Determine which metric(s) the alerts will be associated with
Our example Tomcat server appears to be exhausting its available memory and then crashing. Alerts should be put on the the metrics JVM Free Memory and Availability
Determine the threshold(s) where alerts will fire
A warning alert would be nice for when the JVM Free Memory gets low, so the threshold for that alert might be set at <10M. That could give you some time to investigate before your server crashes.
Then a high severity alert should be set for Availability <100%. That will let you know that your Tomcat server has gone down and needs immediate attention.
Determine when you want the alert to fire
Sometimes you need to know immediately when a critical event happens. Sometimes you want to be alerted if a specific event has been happening frequently over a specified period of time. HQ is flexible enough to allow these and many more alerting options.
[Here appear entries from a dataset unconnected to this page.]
function poss :: "('f, 'v) trm \<Rightarrow> nat list set" where
  "poss (Var x) = {[]}"
| "poss (Fun f ts) = insert [] (\<Union>i \<in> {..<length ts}. Cons i ` poss (ts ! i))"
  by pat_completeness auto
termination
  by (relation "Wellfounded.measure size") (auto simp: less_Suc_eq_le intro!: size_list_estimation' nth_mem)

fun subt_at :: "('f, 'v) trm \<Rightarrow> nat list \<Rightarrow> ('f, 'v) trm" where
  "subt_at t [] = t"
| "subt_at (Var x) (i # q) = Var x"
| "subt_at (Fun f ts) (i # q) = subt_at (ts ! i) q"

function replace_at :: "('f, 'v) trm \<Rightarrow> nat list \<Rightarrow> ('f, 'v) trm \<Rightarrow> ('f, 'v) trm" where
  "replace_at t [] s = s"
| "replace_at (Var x) (i # q) s = Var x"
| "replace_at (Fun f ts) (i # q) s =
     (if i < length ts then Fun f (ts[i := replace_at (ts ! i) q s]) else Fun f ts)"
  by pat_completeness auto
termination
  by (relation "Wellfounded.measure (\<lambda>(t, q, s). size t)") (auto simp: less_Suc_eq_le intro!: size_list_estimation' nth_mem)

definition proper_subterms :: "('f, 'v) trm \<Rightarrow> ('f, 'v) trm set" where
  "proper_subterms t = {subt_at t q | q. q \<in> poss t \<and> q \<noteq> []}"

type_synonym ('f, 'v) prule = "('f, 'v) trm \<times> (real \<times> ('f, 'v) trm) multiset"

definition ptrs :: "('f \<times> nat) set \<Rightarrow> ('f, 'v) prule set \<Rightarrow> bool" where
  "ptrs F R \<longleftrightarrow> finite R \<and>
    (\<forall>(l, \<mu>) \<in> R. (\<exists>f ts. l = Fun f ts) \<and> funs l \<subseteq> F \<and> \<mu> \<noteq> {#} \<and>
        (\<forall>(p, r) \<in> set_mset \<mu>. 0 < p \<and> p \<le> 1 \<and> vars r \<subseteq> vars l \<and> funs r \<subseteq> F) \<and>
        sum_mset (image_mset fst \<mu>) = 1)"

definition defined :: "('f, 'v) prule set \<Rightarrow> ('f \<times> nat) set" where
  "defined R = {(f, length ts) | f ts \<mu>. (Fun f ts, \<mu>) \<in> R}"

definition basic_terms :: "('f \<times> nat) set \<Rightarrow> ('f \<times> nat) set \<Rightarrow> ('f, 'v) trm set" where
  "basic_terms F D = {Fun f ts | f ts. (f, length ts) \<in> D \<and> funs (Fun f ts) \<subseteq> F \<and>
        (\<forall>u \<in> set ts. funs u \<inter> D = {})}"

text \<open>Unrestricted rewrite step (used only to define normal forms; innermost and
  unrestricted rewriting have the same normal forms).\<close>
definition rstep_full :: "('f, 'v) prule set \<Rightarrow> ('f, 'v) trm \<Rightarrow> (real \<times> ('f, 'v) trm) multiset \<Rightarrow> bool" where
  "rstep_full R s \<nu> \<longleftrightarrow> (\<exists>\<pi> \<in> poss s. \<exists>l \<mu> \<sigma>. (l, \<mu>) \<in> R \<and> subt_at s \<pi> = subst l \<sigma> \<and>
      \<nu> = image_mset (\<lambda>(p, r). (p, replace_at s \<pi> (subst r \<sigma>))) \<mu>)"

definition NF :: "('f, 'v) prule set \<Rightarrow> ('f, 'v) trm \<Rightarrow> bool" where
  "NF R u \<longleftrightarrow> \<not> (\<exists>\<nu>. rstep_full R u \<nu>)"

definition istep :: "('f, 'v) prule set \<Rightarrow> ('f, 'v) trm \<Rightarrow> (real \<times> ('f, 'v) trm) multiset \<Rightarrow> bool" where
  "istep R s \<nu> \<longleftrightarrow> (\<exists>\<pi> \<in> poss s. \<exists>l \<mu> \<sigma>. (l, \<mu>) \<in> R \<and> subt_at s \<pi> = subst l \<sigma> \<and>
      (\<forall>u \<in> proper_subterms (subst l \<sigma>). NF R u) \<and>
      \<nu> = image_mset (\<lambda>(p, r). (p, replace_at s \<pi> (subst r \<sigma>))) \<mu>)"

text \<open>A (possibly infinite) tree with finitely many children per node: nodes are
  addresses (nat lists), the children of v are v@[i] for i < k v.\<close>
definition tree_shape :: "nat list set \<Rightarrow> (nat list \<Rightarrow> nat) \<Rightarrow> bool" where
  "tree_shape N k \<longleftrightarrow> [] \<in> N \<and> (\<forall>v i. v @ [i] \<in> N \<longleftrightarrow> v \<in> N \<and> i < k v)"

definition children_mset :: "(nat list \<Rightarrow> real) \<Rightarrow> (nat list \<Rightarrow> 'a) \<Rightarrow> (nat list \<Rightarrow> nat) \<Rightarrow> nat list
     \<Rightarrow> (real \<times> 'a) multiset" where
  "children_mset p t k v = mset (map (\<lambda>i. (p (v @ [i]) / p v, t (v @ [i]))) [0..<k v])"

definition RST :: "('f, 'v) prule set \<Rightarrow> nat list set \<Rightarrow> (nat list \<Rightarrow> real) \<Rightarrow>
     (nat list \<Rightarrow> ('f, 'v) trm) \<Rightarrow> (nat list \<Rightarrow> nat) \<Rightarrow> bool" where
  "RST R N p t k \<longleftrightarrow> tree_shape N k \<and> p [] = 1 \<and> (\<forall>v \<in> N. 0 < p v \<and> p v \<le> 1) \<and>
     (\<forall>v \<in> N. 1 \<le> k v \<longrightarrow> istep R (t v) (children_mset p t k v))"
In our example, perhaps you want to know about it only when the JVM Free Memory is <10M for 30 minutes during a period of one hour. Almost certainly, you'd want to know immediately when the server goes down.
Determine the action(s) to be taken
You'll want an email notification sent when the server gets low on free memory. An email to yourself might be appropriate, as well as an alert notification sent to the network operations center, so the on-duty administrator is notified.
Perhaps a simple restart of the server is all that is necessary to put things back on track when it crashes. HQ supports adding a control action as part of an alert event. You can have HQ send you email notification as well as restart the Tomcat server.